Biomass is currently considered as an emerging technology. The application of Biomass in concrete is still prohibited from many agencies such as the American Society of Testing Materials (ASTM) and the American Concrete Institute (ACI), however it was reported that some preliminary results are promising and it is feasible to use biomass in conventional concrete. Wood is considered a biomass source, burned as fuel to generate electricity or to produce heat. Very limited and almost no extensive research has been conducted on the implementation of biomass in concrete. The implementation of biomass in concrete will indirectly advance the renewable energy production and the economic development by decreasing CO2 emission from cement industry and saving energy as well. Biomass is defined as an organic matter resulting from living, or recently living plants or plant- based materials and is considered a renewable source of energy and are specifically called lingo cellulosic biomass. In 2009, the American coal ash association estimated that nearly 40% of the 63 million tons of coal fly ash generated in the U.S.A were beneficially used. The emerging energy-based substitution material is derived from the combustion of biomass and the co- combustion of the biomass with coal which is called Biomass and co-fired fly ash, respectively.

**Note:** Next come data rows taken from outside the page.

lemma has_real_derivative_mono4_coord:
  assumes "r < 4"
  shows "((\<lambda>t. mono4 b (v(r := t))) has_real_derivative mono4_pderiv r b v) (at (v r))"
proof -
  have "mono4 b (v(r := t)) = t ^ exponent4 b r * (\<Prod>q\<in>{..<4} - {r}. v q ^ exponent4 b q)" for t
  proof -
    have "(\<Prod>q\<in>{..<4} - {r}. (v(r := t)) q ^ exponent4 b q) = (\<Prod>q\<in>{..<4} - {r}. v q ^ exponent4 b q)"
      by (intro prod.cong) auto
    then show ?thesis
      using mono4_split_coord[OF assms, of b "v(r := t)"] by simp
  qed
  then show ?thesis
    unfolding mono4_pderiv_def by (auto intro!: derivative_eq_intros)
qed

lemma mono4_euler:
  "r < 4 \<Longrightarrow> v r * mono4_pderiv r b v = of_nat (exponent4 b r) * mono4 b v"
  by (cases "exponent4 b r") (simp_all add: mono4_pderiv_def mono4_split_coord)

lemma psd_zero_imp_euler_sum_eq_0:
  assumes G: "\<And>v. G v = (\<Sum>b\<in>S. c b * mono4 b v)"
    and nonneg: "\<And>v. 0 \<le> G v" and "G v = 0" and "r < 4"
  shows "(\<Sum>b\<in>S. (c b * of_nat (exponent4 b r)) * mono4 b v) = 0"
proof -
  have "((\<lambda>t. G (v(r := t))) has_real_derivative (\<Sum>b\<in>S. c b * mono4_pderiv r b v)) (at (v r))"
    unfolding G by (intro DERIV_sum DERIV_cmult has_real_derivative_mono4_coord \<open>r < 4\<close>)
  then have "(\<Sum>b\<in>S. c b * mono4_pderiv r b v) = 0"
    by (rule DERIV_local_min[of _ _ _ 1]) (simp_all add: \<open>G v = 0\<close> nonneg)
  then have "v r * (\<Sum>b\<in>S. c b * mono4_pderiv r b v) = 0"
    by simp
  then show ?thesis
    by (simp add: sum_distrib_left mult.left_commute mono4_euler[OF \<open>r < 4\<close>] mult.assoc)
qed

definition sign_vec :: "real \<Rightarrow> real \<Rightarrow> real \<Rightarrow> nat \<Rightarrow> real" where
  "sign_vec s t u = (\<lambda>r. if r = 1 then s else if r = 2 then t else if r = 3 then u else 1)"

fun parity4 :: "exp4 \<Rightarrow> bool \<times> bool \<times> bool" where
  "parity4 (i, j, k, l) = (odd j, odd k, odd l)"

fun sign_char :: "bool \<times> bool \<times> bool \<Rightarrow> real \<Rightarrow> real \<Rightarrow> real \<Rightarrow> real" where
  "sign_char (a, c, e) s t u = (if a then s else 1) * (if c then t else 1) * (if e then u else 1)"

lemma sign_char_average:
  "(\<Sum>s\<in>{-1, 1}. \<Sum>t\<in>{-1, 1}. \<Sum>u\<in>{-1, 1}. sign_char \<pi> s t u * mono4 b (sign_vec s t u))
     = (if parity4 b = \<pi> then 8 else 0)"
  by (cases b; cases \<pi>) (auto simp: sign_vec_def minus_one_power_iff)

text \<open>Orthogonality of the characters of {\<plusminus>1}^3: averaging against sign_char \<pi> isolates the
  monomials of parity \<pi>.\<close>

lemma parity_class_sum_eq_0:
  assumes vanish: "\<And>s t u. s \<in> {-1, 1} \<Longrightarrow> t \<in> {-1, 1} \<Longrightarrow> u \<in> {-1, 1} \<Longrightarrow>
      (\<Sum>b\<in>S. c b * mono4 b (sign_vec s t u)) = 0"
  shows "(\<Sum>b\<in>S. if parity4 b = \<pi> then c b else 0) = 0"
proof -
  have "8 * (\<Sum>b\<in>S. if parity4 b = \<pi> then c b else 0) = (\<Sum>b\<in>S. c b * (if parity4 b = \<pi> then 8 else 0))"
    unfolding sum_distrib_left by (intro sum.cong) auto
  also have "\<dots> = (\<Sum>b\<in>S. c b * (\<Sum>s\<in>{-1, 1}. \<Sum>t\<in>{-1, 1}. \<Sum>u\<in>{-1, 1}.
      sign_char \<pi> s t u * mono4 b (sign_vec s t u)))"
    by (simp only: sign_char_average)
  also have "\<dots> = (\<Sum>s\<in>{-1, 1}. \<Sum>t\<in>{-1, 1}. \<Sum>u\<in>{-1, 1}.
      sign_char \<pi> s t u * (\<Sum>b\<in>S. c b * mono4 b (sign_vec s t u)))"
    by (simp add: sum_distrib_left sum.distrib algebra_simps)
  also have "\<dots> = 0"
    by (simp add: vanish)
  finally show ?thesis
    by simp
qed

definition O41_exps :: "exp4 set" where
  "O41_exps = {(4, 0, 2, 2), (2, 4, 0, 2), (2, 2, 4, 0), (0, 2, 2, 4), (2, 2, 2, 2)}"

lemma O41_mono4_sum: "O41 v = (\<Sum>b\<in>O41_exps. (if b = (2, 2, 2, 2) then - 4 else 1) * mono4 b v)"
  by (simp add: O41_exps_def O41_def Let_def algebra_simps)

lemma O41_form: "is_form 4 8 O41"
proof -
  have "is_form 4 8 (\<lambda>v. \<Sum>b\<in>O41_exps. (if b = (2, 2, 2, 2) then - 4 else 1) * mono4 b v)"
    by (rule mono4_sum_is_form) (auto simp: O41_exps_def deg4_simps)
  then show ?thesis
    by (simp flip: O41_mono4_sum)
qed

lemma O41_nonneg: "0 \<le> O41 v"
proof -
  have amgm: "0 \<le> a^4*c^2*d^2 + b^4*a^2*d^2 + c^4*a^2*b^2 + d^4*b^2*c^2 - 4*a^2*b^2*c^2*d^2"
    if "0 \<le> a" "0 \<le> b" "0 \<le> c" "0 \<le> d" for a b c d :: real
  proof -
    have "a^4*c^2*d^2 + b^4*a^2*d^2 + c^4*a^2*b^2 + d^4*b^2*c^2 - 4*a^2*b^2*c^2*d^2
        = (a^2*c*d - a*b^2*d)^2 + (a*b*c^2 - b*c*d^2)^2 + 2*(a*b^2*c*d^2)*(a-c)^2"
      by (simp add: power2_eq_square eval_nat_numeral algebra_simps)
    moreover have "0 \<le> a*b^2*c*d^2"
      using that by simp
    ultimately show ?thesis
      by (metis add_nonneg_nonneg mult_nonneg_nonneg zero_le_power2 zero_le_numeral)
  qed
  show ?thesis
    using amgm[of "\<bar>v 0\<bar>" "\<bar>v 1\<bar>" "\<bar>v 2\<bar>" "\<bar>v 3\<bar>"] by (simp add: O41_def Let_def)
qed

text \<open>The Newton polytope of O41 is the simplex spanned by the exponents of its four positive
  terms; its facets are the hyperplanes on which these weights have weighted degree 10.\<close>

definition cyclic_weight :: "nat \<Rightarrow> nat \<Rightarrow> nat" where
  "cyclic_weight r n = (n + r) mod 4"

lemma O41_exps_weight:
  assumes "b \<in> O41_exps" and "r < 4"
  shows "10 \<le> wdeg4 b (cyclic_weight r)"
proof -
  have "r \<in> {0, 1, 2, 3}"
    using \<open>r < 4\<close> by auto
  then show ?thesis
    using \<open>b \<in> O41_exps\<close> by (auto simp: O41_exps_def wdeg4_simps cyclic_weight_def)
qed

definition O41_newton_points :: "exp4 set" where
  "O41_newton_points =
     {(0,2,2,4), (1,2,2,3), (1,2,3,2), (1,3,1,3), (2,1,2,3), (2,2,2,2), (2,2,3,1), (2,2,4,0),
      (2,3,1,2), (2,3,2,1), (2,4,0,2), (3,1,2,2), (3,1,3,1), (3,2,1,2), (4,0,2,2)}"

lemma in_O41_newton_points:
  assumes "deg4 b = 8" and "\<And>r. r < 4 \<Longrightarrow> 10 \<le> wdeg4 b (cyclic_weight r)"
  shows "b \<in> O41_newton_points"
proof -
  obtain i j k l where b: "b = (i, j, k, l)" by (cases b)
  have bounds: "i + j + k + l = 8" "10 \<le> 3*i + k + 2*l" "10 \<le> 2*i + 3*j + l" "10 \<le> i + 2*j + 3*k"
      "10 \<le> j + 2*k + 3*l"
    using assms(1) assms(2)[of 0] assms(2)[of 1] assms(2)[of 2] assms(2)[of 3]
    by (simp_all add: b deg4_simps wdeg4_simps cyclic_weight_def)
  then have "i \<in> {0, 1, 2, 3, 4}" "j \<in> {0, 1, 2, 3, 4}" "k \<in> {0, 1, 2, 3, 4}"
    "l = 8 - i - j - k"
    by auto
  with bounds show ?thesis
    unfolding b O41_newton_points_def by (elim insertE emptyE) simp_all
qed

However, the current American Society for Testing Materials (ASTM) and the American Concrete Institute (ACI) standards prevent non-coal derived fly ash from use in concrete because the engineering properties of the non-coal driven materials are not well understood. Very few studies have addressed the use of biomass in concrete and very limited results have been published and reported on the effect of using biomass ash as a supplementary cementitious material (SCM) in conventional concrete. Christopher et al. [1], reported the effect of binary blend of biomass and the co-fired ash combined with cement on the early-age hydration kinetics, workability, setting time, strength, permeability, and sulfate resistance. Wang et al. [2,3] showed that the co-fired and biomass concrete have very comparable strength to the conventional cement mixtures.

References

  1. Christopher RS, Kimberly EK (2015) Use of Biomass and Co-Fired Fly Ash in Concrete. ACI Materials Journal 112(2): 209-218.
  2. Wang S, Baxter L (2007) Comprehensive study of biomass fly ash in concrete: Strength, microscopy, kinetics and durability. Fuel Processing Technology 88(11-12): 1165-1170.
  3. Wang S, Miller A, Baxter, Llamazos E, Fonseca F, et al. (2008) Biomass fly ash in concrete: Mixture proportioning and mechanical properties. Fuel 87(3): 365-371.